Adding the equations mentioned above i.e. equation number 3 and equation number 4, we

will have this equation-

$\dfrac{{{\omega ^2}\left( {a + b\omega + c{\omega ^2}} \right)}}{{\left( {c{\omega ^2} +

a{\omega ^3} + b{\omega ^4}} \right)}} + \dfrac{{\omega \left( {a + b\omega + c{\omega ^2}}

\right)}}{{\left( {b\omega + c{\omega ^2} + a{\omega ^3}} \right)}}$

Solving the equation further and taking the numerator common and then taking the LCM,

we will have:

$\dfrac{{{\omega ^2}\left( {a + b\omega + c{\omega ^2}} \right)}}{{\left( {a + b\omega +

c{\omega ^2}} \right)}} + \dfrac{{\omega \left( {a + b\omega + c{\omega ^2}} \right)}}{{\left(

{a + b\omega + c{\omega ^2}} \right)}}$

Cancelling the equation $a + b\omega + c{\omega ^2}$ which is same in both the equations

in numerator and denominator-

${\omega ^2} + \omega = - 1$

Hence the simplified value of the given equation is -1.

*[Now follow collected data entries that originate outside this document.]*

(* Let $U\subset\mathbb{R}^2$, and let measurements be modeled by a Gaussian process with squared-exponential kernel $k(x,x')=\sigma_0^2\exp\!\left(-\frac{\|x-x'\|^2}{2l^2}\right)$ ($\sigma_0^2>0$, $l>0$) and i.i.d. additive Gaussian noise of variance $\omega^2>0$. Let $0<\Delta<\sigma_0^2$, let $x\in U$ be a test location and let $X$ be a finite collection of measurement locations (repetitions allowed). If there is a measurement location $x_i\in X$ at distance $r$ from $x$ at which $n_{\text{suff}}\ge 1$ measurements are taken, with $$r\le l\sqrt{-\log\left(\left(1+\frac{\omega^2}{n_{\text{suff}}\sigma_0^2}\right)\left(1-\frac{\Delta}{\sigma_0^2}\right)\right)},$$ then $MSE(x)\le\Delta$.
   Context: For measurement locations $X=(x_1,\dots,x_n)$ (a location repeated $m$ times means $m$ measurements there), the GP posterior variance at $x$ is $\hat\sigma^2_{x|X}=k(x,x)-\mathbf{k}(x,X)\left[\mathbf{K}(X,X)+\omega^2\mathbf{I}\right]^{-1}\mathbf{k}(X,x)$, where $\mathbf{K}(X,X)$ has entries $k(x_p,x_q)$ and $\mathbf{k}(x,X)=(k(x,x_1),\dots,k(x,x_n))$. The MSE of the GP prediction at $x$ is $MSE(x)=\hat\sigma^2_{x|X}$. *)

theory Defs
  imports "HOL-Analysis.Analysis" "Jordan_Normal_Form.Gauss_Jordan_Elimination"
begin

definition se_kernel :: "real \<Rightarrow> real \<Rightarrow> real^2 \<Rightarrow> real^2 \<Rightarrow> real" where
  "se_kernel s0sq l x x' = s0sq * exp (- (norm (x - x'))\<^sup>2 / (2 * l\<^sup>2))"

text \<open>GP posterior variance at x given measurement locations X (a list; repetitions = repeated
 measurements), kernel k and noise variance wsq = omega^2:
 k(x,x) - k(x,X) [K(X,X) + omega^2 I]^{-1} k(X,x).\<close>
definition post_var :: "('p \<Rightarrow> 'p \<Rightarrow> real) \<Rightarrow> real \<Rightarrow> 'p list \<Rightarrow> 'p \<Rightarrow> real" where
  "post_var k wsq X x =
     (let n = length X;
          KX = Matrix.mat n n (\<lambda>(p, q). k (X ! p) (X ! q));
          kv = Matrix.vec n (\<lambda>p. k x (X ! p));
          M = KX + wsq \<cdot>\<^sub>m (1\<^sub>m n)
      in k x x - Matrix.scalar_prod kv (the (mat_inverse M) *\<^sub>v kv))"

text \<open>MSE of the GP prediction, which equals the posterior variance.\<close>
definition MSE :: "('p \<Rightarrow> 'p \<Rightarrow> real) \<Rightarrow> real \<Rightarrow> 'p list \<Rightarrow> 'p \<Rightarrow> real" where
  "MSE k wsq X x = post_var k wsq X x"

end

theory Submission
  imports Defs "Jordan_Normal_Form.Determinant"
begin

(* With M = K(X,X) + omega^2 I positive definite and w = M^-1 k(X,x), the subtracted term
   k(x,X) w is the maximum over all weight vectors a of 2 a.k(X,x) - a.M a.  Putting the same
   weight k(x,x_i) / (n sigma_0^2 + omega^2) on each of the n copies of x_i and zero elsewhere gives
   MSE(x) <= sigma_0^2 - n k(x,x_i)^2 / (n sigma_0^2 + omega^2), and the radius condition is exactly
   the statement that this bound is at most Delta.  Positive definiteness of M rests on the
   squared-exponential kernel being positive semidefinite, which follows from the power series
   of exp(<x,y>/l^2). *)

definition psd_kernel :: "('a \<Rightarrow> 'a \<Rightarrow> real) \<Rightarrow> bool" where
  "psd_kernel k \<longleftrightarrow> (\<forall>n (c :: nat \<Rightarrow> real) z. 0 \<le> (\<Sum>p<n. \<Sum>q<n. c p * c q * k (z p) (z q)))"

lemma psd_kernelD:
  fixes c :: "nat \<Rightarrow> real"
  shows "psd_kernel k \<Longrightarrow> 0 \<le> (\<Sum>p<n. \<Sum>q<n. c p * c q * k (z p) (z q))"
  unfolding psd_kernel_def by blast

lemma psd_kernel_diag_nonneg:
  assumes "psd_kernel k"
  shows "0 \<le> k u u"
  using psd_kernelD[OF assms, where n=1 and c="\<lambda>_. 1" and z="\<lambda>_. u"] by simp

lemma psd_kernel_const_one: "psd_kernel (\<lambda>_ _. 1)"
  unfolding psd_kernel_def
proof (intro allI)
  fix n :: nat and c :: "nat \<Rightarrow> real" and z :: "nat \<Rightarrow> 'a"
  have "0 \<le> (\<Sum>p<n. c p) * (\<Sum>q<n. c q)" by simp
  then show "0 \<le> (\<Sum>p<n. \<Sum>q<n. c p * c q * (\<lambda>_ _. 1::real) (z p) (z q))"
    by (simp add: sum_product)
qed

lemma psd_kernel_scale:
  assumes "psd_kernel k" and "0 \<le> a"
  shows "psd_kernel (\<lambda>x y. a * k x y)"
  unfolding psd_kernel_def
proof (intro allI)
  fix n :: nat and c :: "nat \<Rightarrow> real" and z :: "nat \<Rightarrow> 'a"
  have "0 \<le> a * (\<Sum>p<n. \<Sum>q<n. c p * c q * k (z p) (z q))"
    by (intro mult_nonneg_nonneg assms(2) psd_kernelD[OF assms(1)])
  then show "0 \<le> (\<Sum>p<n. \<Sum>q<n. c p * c q * (a * k (z p) (z q)))"
    by (simp add: sum_distrib_left mult_ac)
qed

lemma psd_kernel_conj:
  assumes "psd_kernel k"
  shows "psd_kernel (\<lambda>x y. f x * f y * k x y)"
  unfolding psd_kernel_def
proof (intro allI)
  fix n :: nat and c :: "nat \<Rightarrow> real" and z :: "nat \<Rightarrow> 'a"
  have "0 \<le> (\<Sum>p<n. \<Sum>q<n. (c p * f (z p)) * (c q * f (z q)) * k (z p) (z q))"
    using assms by (rule psd_kernelD)
  then show "0 \<le> (\<Sum>p<n. \<Sum>q<n. c p * c q * (f (z p) * f (z q) * k (z p) (z q)))"
    by (simp add: mult_ac)
qed

lemma psd_kernel_mult_exp:
  assumes "psd_kernel k" and "0 \<le> s"
  shows "psd_kernel (\<lambda>x y. k x y * exp (s * g x * g y))"
  unfolding psd_kernel_def
proof (intro allI)
  fix n :: nat and c :: "nat \<Rightarrow> real" and z :: "nat \<Rightarrow> 'a"
  \<comment> \<open>Power series of exp: the j-th term is a quadratic form of k with coefficients c p * g (z p) ^ j.\<close>
  define T where "T j = s ^ j / fact j *
    (\<Sum>p<n. \<Sum>q<n. (c p * g (z p) ^ j) * (c q * g (z q) ^ j) * k (z p) (z q))" for j
  have exp_series: "(\<lambda>j. c p * c q * k (z p) (z q) * (s ^ j / fact j * (g (z p) ^ j * g (z q) ^ j)))
      sums (c p * c q * (k (z p) (z q) * exp (s * g (z p) * g (z q))))" for p q
  proof -
    have "(\<lambda>j. (s * g (z p) * g (z q)) ^ j /\<^sub>R fact j) sums exp (s * g (z p) * g (z q))"
      by (rule exp_converges)
    then have "(\<lambda>j. s ^ j / fact j * (g (z p) ^ j * g (z q) ^ j)) sums exp (s * g (z p) * g (z q))"
      by (simp add: power_mult_distrib divide_inverse mult_ac)
    from sums_mult[OF this, of "c p * c q * k (z p) (z q)"] show ?thesis
      by (simp only: mult.assoc)
  qed
  have series: "T sums (\<Sum>p<n. \<Sum>q<n. c p * c q * (k (z p) (z q) * exp (s * g (z p) * g (z q))))"
  proof -
    have "(\<lambda>j. \<Sum>p<n. \<Sum>q<n. c p * c q * k (z p) (z q) * (s ^ j / fact j * (g (z p) ^ j * g (z q) ^ j)))
        sums (\<Sum>p<n. \<Sum>q<n. c p * c q * (k (z p) (z q) * exp (s * g (z p) * g (z q))))"
      by (intro sums_sum exp_series)
    moreover have "(\<Sum>p<n. \<Sum>q<n. c p * c q * k (z p) (z q) * (s ^ j / fact j * (g (z p) ^ j * g (z q) ^ j)))
        = T j" for j
      unfolding T_def sum_distrib_left by (intro sum.cong refl) (simp add: mult_ac)
    ultimately show ?thesis by simp
  qed
  have "0 \<le> T j" for j
    unfolding T_def using assms psd_kernelD by (intro mult_nonneg_nonneg) auto
  then have "0 \<le> suminf T"
    using series by (intro suminf_nonneg) (auto dest: sums_summable)
  then show "0 \<le> (\<Sum>p<n. \<Sum>q<n. c p * c q * (k (z p) (z q) * exp (s * g (z p) * g (z q))))"
    using sums_unique[OF series] by simp
qed

lemma psd_kernel_exp_inner:
  assumes "0 \<le> s"
  shows "psd_kernel (\<lambda>x y :: 'a :: euclidean_space. exp (s * (inner x y)))"
proof -
  have "psd_kernel (\<lambda>x y :: 'a. \<Prod>b\<in>B. exp (s * (inner x b) * (inner y b)))" if "finite B" for B
    using that
  proof (induction B rule: finite_induct)
    case empty
    show ?case by (simp add: psd_kernel_const_one)
  next
    case (insert b B)
    then show ?case
      using psd_kernel_mult_exp[OF insert.IH assms, of "\<lambda>x. inner x b"] by (simp add: mult.commute)
  qed
  moreover have "exp (s * (inner x y)) = (\<Prod>b\<in>Basis. exp (s * (inner x b) * (inner y b)))" for x y :: 'a
    by (simp add: euclidean_inner[of x y] sum_distrib_left exp_sum mult.assoc)
  ultimately show ?thesis by simp
qed

lemma psd_kernel_gaussian:
  assumes "0 \<le> a"
  shows "psd_kernel (\<lambda>x y :: 'a :: euclidean_space. a * exp (- (norm (x - y))\<^sup>2 / (2 * l\<^sup>2)))"
proof -
  define f where "f x = exp (- (norm x)\<^sup>2 / (2 * l\<^sup>2))" for x :: 'a
  have norm_diff: "(norm (x - y))\<^sup>2 = (norm x)\<^sup>2 + (norm y)\<^sup>2 - 2 * inner x y" for x y :: 'a
    using dot_norm_neg[of x y] by (simp add: field_simps)
  have exponent: "- (A + B - 2 * C) / (2 * l\<^sup>2) = - A / (2 * l\<^sup>2) + - B / (2 * l\<^sup>2) + 1 / l\<^sup>2 * C"
    for A B C :: real
    by (simp add: diff_divide_distrib add_divide_distrib)
  have "exp (- (norm (x - y))\<^sup>2 / (2 * l\<^sup>2)) = f x * f y * exp (1 / l\<^sup>2 * inner x y)" for x y :: 'a
    unfolding norm_diff exponent exp_add f_def ..
  moreover have "psd_kernel (\<lambda>x y :: 'a. a * (f x * f y * exp (1 / l\<^sup>2 * inner x y)))"
    using assms by (intro psd_kernel_scale psd_kernel_conj psd_kernel_exp_inner) auto
  ultimately show ?thesis by simp
qed

lemma psd_kernel_se_kernel: "0 \<le> s0sq \<Longrightarrow> psd_kernel (se_kernel s0sq l)"
  unfolding se_kernel_def[abs_def] by (rule psd_kernel_gaussian)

Note: To simplify the equations, always opt for the way of dividing them into two parts so that it won’t be congested and also solve them separately by naming the equations one or two. After solving separately, bring them together and carry on with the question.